Does the use of a printer mean its product is a print, a printout, or something else? Of course, the answer depends on definitions: In other words, What is a painting? This fine exhibition insouciantly suggests a painting is not what we are used to, not what we expect, but rather, whatever we can get away with. [Daniel Kunitz on What is Painting]
Much less than the sum of its parts, “What Is Painting?”—despite a provocative title shared with a John Baldessari piece—is an exhibition conceptualized, if not actually curated, by committee. It offends no one (because it takes no risks), squanders the museum’s deep and rich catalog (because it cherry-picks to illustrate not the best contemporary painting but contrived ideas about painting), and most egregiously apes curatorial models developed by other, younger institutions with a fraction of MOMA’s artistic, financial, and authorial acumen….

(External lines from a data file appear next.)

(* For all $m,n\in\mathbb{N}$ with $mn>1$ and every $\boldsymbol{\gamma}\in[0,1)^m$, we have $\Omega^{\boldsymbol{\gamma}}(m,n)\neq\emptyset$.
   Context: $[0,1)^{m\times n}$ is the set of real $m\times n$ matrices with entries in $[0,1)$. For $\boldsymbol{x}\in\mathbb{R}^n$, $\|\boldsymbol{x}\|=\max_i|x_i|$; for $\boldsymbol{y}\in\mathbb{R}^m$, $\langle\boldsymbol{y}\rangle=\min_{\boldsymbol{p}\in\mathbb{Z}^m}\|\boldsymbol{y}-\boldsymbol{p}\|$. For $\psi:\mathbb{N}\to[0,\infty)$, $W_{m,n}(\psi)$ is the set of pairs $(A,\boldsymbol{\gamma})\in[0,1)^{m\times n}\times[0,1)^m$ such that $\langle A\boldsymbol{q}-\boldsymbol{\gamma}\rangle<\psi(\|\boldsymbol{q}\|)$ for infinitely many $\boldsymbol{q}\in\mathbb{Z}^n$. "Decreasing" means non-increasing. $\mathcal{D}$ is the set of decreasing $\psi:\mathbb{N}\to[0,\infty)$ with $\sum_{q\ge1}q^{n-1}\psi(q)^m=\infty$. $\Omega(m,n)=\bigcap_{\psi\in\mathcal{D}}W_{m,n}(\psi)$ and $\Omega^{\boldsymbol{\gamma}}(m,n)=\{A\in[0,1)^{m\times n}:(A,\boldsymbol{\gamma})\in\Omega(m,n)\}$. *)

theory Defs
  imports "HOL-Analysis.Analysis"
begin

text \<open>Dimensions m and n are the cardinalities of finite index types 'm and 'n.
  Matrices A in R^{m x n} are real^'n^'m, vectors gamma are real^'m, q in Z^n is int^'n.\<close>

definition unit_cube :: "(real^'m) set" where
  "unit_cube = {g. \<forall>i. 0 \<le> g $ i \<and> g $ i < 1}"

definition unit_mat :: "(real^'n^'m) set" where
  "unit_mat = {A. \<forall>i j. 0 \<le> A $ i $ j \<and> A $ i $ j < 1}"

definition int_sup_norm :: "int^'n \<Rightarrow> nat" where
  "int_sup_norm q = nat (Max (range (\<lambda>i. \<bar>q $ i\<bar>)))"

definition real_sup_norm :: "real^'m \<Rightarrow> real" where
  "real_sup_norm y = Max (range (\<lambda>i. \<bar>y $ i\<bar>))"

definition dist_Zm :: "real^'m \<Rightarrow> real" where
  "dist_Zm y = Inf (range (\<lambda>p::int^'m. real_sup_norm (y - (\<chi> i. real_of_int (p $ i)))))"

Since the 2000 exhibition “Modern Starts”—the museum’s last show before closing its flagship 53rd Street space for renovations—MOMA has desperately attempted to imitate the success of other powerful institutions, most notably London’s Tate Modern. “Modern Starts,” in fact, was a direct forgery of Tate’s handling of its own meager permanent collection. Whatever the actual drawbacks, it laid down the conceptual flagstones upon which “What Is Painting?” now clumsily trods. The new rules—insofar as they apply to temporary exhibitions (though, thankfully, not to MOMA’s bread-and- butter permanent displays of isms: Impressionism, Cubism, Surrealism, Dadaism, Abstract Expressionism)—are, like pig Latin, coded and yet childishly simple. No history but historicity. No to verifiable associations or influences shared by distinct pieces; Yes to trendy postmodern juxtapositions. And ideals of curatorial authority need not apply. [Christian Viveros-Faune on What is Painting?]